## Records for the exercise
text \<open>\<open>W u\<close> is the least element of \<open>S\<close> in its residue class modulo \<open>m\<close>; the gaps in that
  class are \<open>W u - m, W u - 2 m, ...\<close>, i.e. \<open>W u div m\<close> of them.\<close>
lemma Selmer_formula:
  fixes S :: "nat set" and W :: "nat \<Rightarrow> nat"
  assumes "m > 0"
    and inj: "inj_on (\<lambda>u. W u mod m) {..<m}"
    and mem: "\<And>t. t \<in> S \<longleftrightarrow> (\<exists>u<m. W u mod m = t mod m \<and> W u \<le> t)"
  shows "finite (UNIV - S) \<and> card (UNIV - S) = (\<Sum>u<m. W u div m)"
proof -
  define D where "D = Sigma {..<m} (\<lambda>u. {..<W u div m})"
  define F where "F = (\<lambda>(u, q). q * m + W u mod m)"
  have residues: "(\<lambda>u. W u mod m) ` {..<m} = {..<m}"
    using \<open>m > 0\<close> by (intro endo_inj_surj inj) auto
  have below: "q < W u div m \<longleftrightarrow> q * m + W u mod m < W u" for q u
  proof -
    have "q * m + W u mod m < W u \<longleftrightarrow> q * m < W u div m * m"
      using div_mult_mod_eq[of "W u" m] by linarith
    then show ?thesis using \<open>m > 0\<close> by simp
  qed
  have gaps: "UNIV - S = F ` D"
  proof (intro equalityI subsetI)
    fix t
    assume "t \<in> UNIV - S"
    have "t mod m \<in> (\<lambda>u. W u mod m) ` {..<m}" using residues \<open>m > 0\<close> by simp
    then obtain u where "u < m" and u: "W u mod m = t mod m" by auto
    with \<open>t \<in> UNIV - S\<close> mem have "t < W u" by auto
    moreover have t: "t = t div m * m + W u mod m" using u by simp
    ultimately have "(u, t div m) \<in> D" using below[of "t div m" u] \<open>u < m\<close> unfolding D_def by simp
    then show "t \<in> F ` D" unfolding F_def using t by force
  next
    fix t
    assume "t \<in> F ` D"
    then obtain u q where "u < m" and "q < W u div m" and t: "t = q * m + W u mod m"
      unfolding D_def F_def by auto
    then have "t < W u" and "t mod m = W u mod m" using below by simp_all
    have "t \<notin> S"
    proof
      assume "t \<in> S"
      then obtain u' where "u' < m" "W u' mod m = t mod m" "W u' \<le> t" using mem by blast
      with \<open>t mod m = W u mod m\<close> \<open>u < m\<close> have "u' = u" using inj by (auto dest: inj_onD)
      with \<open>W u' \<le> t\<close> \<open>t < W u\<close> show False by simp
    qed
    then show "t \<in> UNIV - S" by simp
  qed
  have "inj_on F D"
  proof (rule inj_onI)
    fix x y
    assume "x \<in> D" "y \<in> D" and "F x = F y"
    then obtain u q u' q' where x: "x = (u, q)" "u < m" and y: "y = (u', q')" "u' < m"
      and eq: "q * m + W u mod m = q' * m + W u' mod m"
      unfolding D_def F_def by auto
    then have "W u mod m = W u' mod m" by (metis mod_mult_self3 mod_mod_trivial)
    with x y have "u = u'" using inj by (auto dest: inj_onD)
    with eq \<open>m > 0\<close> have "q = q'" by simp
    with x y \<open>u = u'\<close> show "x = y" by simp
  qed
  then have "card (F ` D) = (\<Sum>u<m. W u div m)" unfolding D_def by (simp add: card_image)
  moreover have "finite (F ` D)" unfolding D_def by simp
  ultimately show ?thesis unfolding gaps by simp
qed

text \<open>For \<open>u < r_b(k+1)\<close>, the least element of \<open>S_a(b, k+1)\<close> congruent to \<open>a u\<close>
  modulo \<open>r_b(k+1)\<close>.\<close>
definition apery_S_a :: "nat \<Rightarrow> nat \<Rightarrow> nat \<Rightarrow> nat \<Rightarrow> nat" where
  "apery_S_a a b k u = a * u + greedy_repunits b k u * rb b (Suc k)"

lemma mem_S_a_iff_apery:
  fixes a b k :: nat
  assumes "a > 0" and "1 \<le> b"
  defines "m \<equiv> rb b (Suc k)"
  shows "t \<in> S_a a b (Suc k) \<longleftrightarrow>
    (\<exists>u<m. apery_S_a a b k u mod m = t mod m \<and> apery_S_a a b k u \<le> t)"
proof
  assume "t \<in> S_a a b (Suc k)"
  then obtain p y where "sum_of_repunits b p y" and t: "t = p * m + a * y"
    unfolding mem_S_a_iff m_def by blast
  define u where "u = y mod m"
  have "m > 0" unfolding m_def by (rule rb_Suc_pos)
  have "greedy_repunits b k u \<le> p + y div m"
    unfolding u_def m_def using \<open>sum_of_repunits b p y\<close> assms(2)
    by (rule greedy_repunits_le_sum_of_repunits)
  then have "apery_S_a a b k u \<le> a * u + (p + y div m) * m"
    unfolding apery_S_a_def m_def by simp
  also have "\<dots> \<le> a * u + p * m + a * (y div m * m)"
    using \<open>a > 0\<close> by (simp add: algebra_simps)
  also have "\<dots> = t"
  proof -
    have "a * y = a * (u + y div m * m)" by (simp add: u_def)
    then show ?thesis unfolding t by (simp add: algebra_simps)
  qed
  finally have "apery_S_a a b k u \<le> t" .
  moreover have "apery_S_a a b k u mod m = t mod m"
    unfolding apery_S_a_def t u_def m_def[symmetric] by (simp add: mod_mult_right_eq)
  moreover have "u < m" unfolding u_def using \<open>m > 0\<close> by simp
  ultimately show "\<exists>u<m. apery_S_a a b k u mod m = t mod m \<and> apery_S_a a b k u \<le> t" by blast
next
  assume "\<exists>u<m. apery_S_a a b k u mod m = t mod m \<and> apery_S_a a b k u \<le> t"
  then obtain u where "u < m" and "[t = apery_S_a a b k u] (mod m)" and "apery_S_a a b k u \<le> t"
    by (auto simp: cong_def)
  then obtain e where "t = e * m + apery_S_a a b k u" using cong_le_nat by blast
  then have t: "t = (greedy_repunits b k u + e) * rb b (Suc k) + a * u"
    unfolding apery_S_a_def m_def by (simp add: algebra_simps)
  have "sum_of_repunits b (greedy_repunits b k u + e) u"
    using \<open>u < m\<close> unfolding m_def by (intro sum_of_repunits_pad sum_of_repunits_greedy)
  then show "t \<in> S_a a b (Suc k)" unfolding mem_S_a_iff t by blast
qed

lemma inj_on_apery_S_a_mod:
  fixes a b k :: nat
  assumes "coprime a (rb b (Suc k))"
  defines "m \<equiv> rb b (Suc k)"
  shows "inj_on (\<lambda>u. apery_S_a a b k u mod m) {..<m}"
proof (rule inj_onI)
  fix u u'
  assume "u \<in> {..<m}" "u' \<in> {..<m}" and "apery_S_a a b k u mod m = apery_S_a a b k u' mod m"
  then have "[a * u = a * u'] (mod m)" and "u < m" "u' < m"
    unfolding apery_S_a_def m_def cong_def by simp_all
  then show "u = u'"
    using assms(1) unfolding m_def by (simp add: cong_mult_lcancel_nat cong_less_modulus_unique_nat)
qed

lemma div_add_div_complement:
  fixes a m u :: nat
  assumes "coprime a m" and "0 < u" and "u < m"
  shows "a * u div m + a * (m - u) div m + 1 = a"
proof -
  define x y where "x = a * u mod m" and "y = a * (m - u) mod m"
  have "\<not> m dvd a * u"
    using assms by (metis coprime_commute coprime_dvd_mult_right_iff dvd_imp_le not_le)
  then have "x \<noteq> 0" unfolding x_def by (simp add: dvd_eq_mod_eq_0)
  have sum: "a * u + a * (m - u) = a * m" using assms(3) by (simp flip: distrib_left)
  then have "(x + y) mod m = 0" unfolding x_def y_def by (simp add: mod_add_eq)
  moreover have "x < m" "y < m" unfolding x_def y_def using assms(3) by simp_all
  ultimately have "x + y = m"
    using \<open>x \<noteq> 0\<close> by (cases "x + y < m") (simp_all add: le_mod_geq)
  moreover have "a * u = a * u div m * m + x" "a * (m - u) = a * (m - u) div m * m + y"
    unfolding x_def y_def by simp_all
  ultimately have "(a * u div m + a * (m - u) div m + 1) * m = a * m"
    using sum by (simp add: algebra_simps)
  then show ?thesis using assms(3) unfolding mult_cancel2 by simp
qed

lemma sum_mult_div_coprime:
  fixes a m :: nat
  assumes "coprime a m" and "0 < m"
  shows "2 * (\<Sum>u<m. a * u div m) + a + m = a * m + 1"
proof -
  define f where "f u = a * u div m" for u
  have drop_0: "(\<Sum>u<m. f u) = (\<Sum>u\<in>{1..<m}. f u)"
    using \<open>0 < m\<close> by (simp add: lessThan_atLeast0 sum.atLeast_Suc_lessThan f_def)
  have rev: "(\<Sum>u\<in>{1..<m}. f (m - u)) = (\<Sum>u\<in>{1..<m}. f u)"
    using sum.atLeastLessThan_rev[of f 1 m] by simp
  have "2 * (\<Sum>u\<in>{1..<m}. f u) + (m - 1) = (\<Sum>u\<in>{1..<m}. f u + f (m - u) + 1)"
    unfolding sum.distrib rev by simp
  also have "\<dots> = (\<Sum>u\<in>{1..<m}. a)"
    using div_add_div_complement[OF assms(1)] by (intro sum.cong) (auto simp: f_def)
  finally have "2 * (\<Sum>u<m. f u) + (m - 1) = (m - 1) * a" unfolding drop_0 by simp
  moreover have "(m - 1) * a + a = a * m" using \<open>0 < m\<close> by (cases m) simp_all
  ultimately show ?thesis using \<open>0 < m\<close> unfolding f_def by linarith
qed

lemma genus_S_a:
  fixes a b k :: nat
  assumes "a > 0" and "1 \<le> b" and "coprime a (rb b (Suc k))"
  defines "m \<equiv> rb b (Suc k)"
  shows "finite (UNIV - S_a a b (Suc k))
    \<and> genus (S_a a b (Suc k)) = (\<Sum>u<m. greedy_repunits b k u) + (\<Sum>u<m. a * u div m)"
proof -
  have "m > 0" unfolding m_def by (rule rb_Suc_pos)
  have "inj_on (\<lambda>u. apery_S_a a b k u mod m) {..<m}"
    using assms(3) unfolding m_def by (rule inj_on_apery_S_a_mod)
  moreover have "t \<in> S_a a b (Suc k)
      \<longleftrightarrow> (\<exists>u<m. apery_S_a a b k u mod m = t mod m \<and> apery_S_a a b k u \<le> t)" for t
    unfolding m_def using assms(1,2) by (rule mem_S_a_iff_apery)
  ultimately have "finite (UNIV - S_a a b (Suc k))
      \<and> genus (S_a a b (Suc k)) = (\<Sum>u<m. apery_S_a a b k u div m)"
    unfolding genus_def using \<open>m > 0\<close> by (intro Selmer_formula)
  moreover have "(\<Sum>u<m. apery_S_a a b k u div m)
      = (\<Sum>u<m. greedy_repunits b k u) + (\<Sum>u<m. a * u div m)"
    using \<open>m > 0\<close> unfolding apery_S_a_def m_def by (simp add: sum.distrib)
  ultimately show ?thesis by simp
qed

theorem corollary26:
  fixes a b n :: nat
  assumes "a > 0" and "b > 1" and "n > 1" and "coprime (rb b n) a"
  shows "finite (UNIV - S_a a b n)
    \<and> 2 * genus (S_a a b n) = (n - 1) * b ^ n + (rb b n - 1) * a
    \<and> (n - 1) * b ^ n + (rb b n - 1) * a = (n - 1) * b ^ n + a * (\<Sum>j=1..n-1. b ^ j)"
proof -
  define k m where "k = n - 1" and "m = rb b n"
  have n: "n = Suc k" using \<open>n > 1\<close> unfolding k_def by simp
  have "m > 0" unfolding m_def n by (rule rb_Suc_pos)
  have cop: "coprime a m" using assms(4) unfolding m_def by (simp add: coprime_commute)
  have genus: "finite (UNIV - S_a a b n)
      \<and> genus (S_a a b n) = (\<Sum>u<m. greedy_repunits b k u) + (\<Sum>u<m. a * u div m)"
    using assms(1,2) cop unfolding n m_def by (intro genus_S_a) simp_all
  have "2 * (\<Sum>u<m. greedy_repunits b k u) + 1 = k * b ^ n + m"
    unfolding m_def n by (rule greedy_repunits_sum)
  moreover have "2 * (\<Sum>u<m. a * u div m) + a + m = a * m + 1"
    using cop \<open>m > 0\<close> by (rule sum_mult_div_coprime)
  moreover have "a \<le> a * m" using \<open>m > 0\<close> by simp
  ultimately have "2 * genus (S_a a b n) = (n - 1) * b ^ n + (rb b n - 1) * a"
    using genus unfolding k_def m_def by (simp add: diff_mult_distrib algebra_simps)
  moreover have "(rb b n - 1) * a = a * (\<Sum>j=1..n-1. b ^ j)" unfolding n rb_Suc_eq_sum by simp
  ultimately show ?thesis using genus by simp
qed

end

## Aim of the task
Print exactly the line containing "greedy_repunits b k u) + 1" and every line after it through the end of the records above, and nothing else.

## Task response
  have "2 * (\<Sum>u<m. greedy_repunits b k u) + 1 = k * b ^ n + m"
    unfolding m_def n by (rule greedy_repunits_sum)
  moreover have "2 * (\<Sum>u<m. a * u div m) + a + m = a * m + 1"
    using cop \<open>m > 0\<close> by (rule sum_mult_div_coprime)
  moreover have "a \<le> a * m" using \<open>m > 0\<close> by simp
  ultimately have "2 * genus (S_a a b n) = (n - 1) * b ^ n + (rb b n - 1) * a"
    using genus unfolding k_def m_def by (simp add: diff_mult_distrib algebra_simps)
  moreover have "(rb b n - 1) * a = a * (\<Sum>j=1..n-1. b ^ j)" unfolding n rb_Suc_eq_sum by simp
  ultimately show ?thesis using genus by simp
qed

end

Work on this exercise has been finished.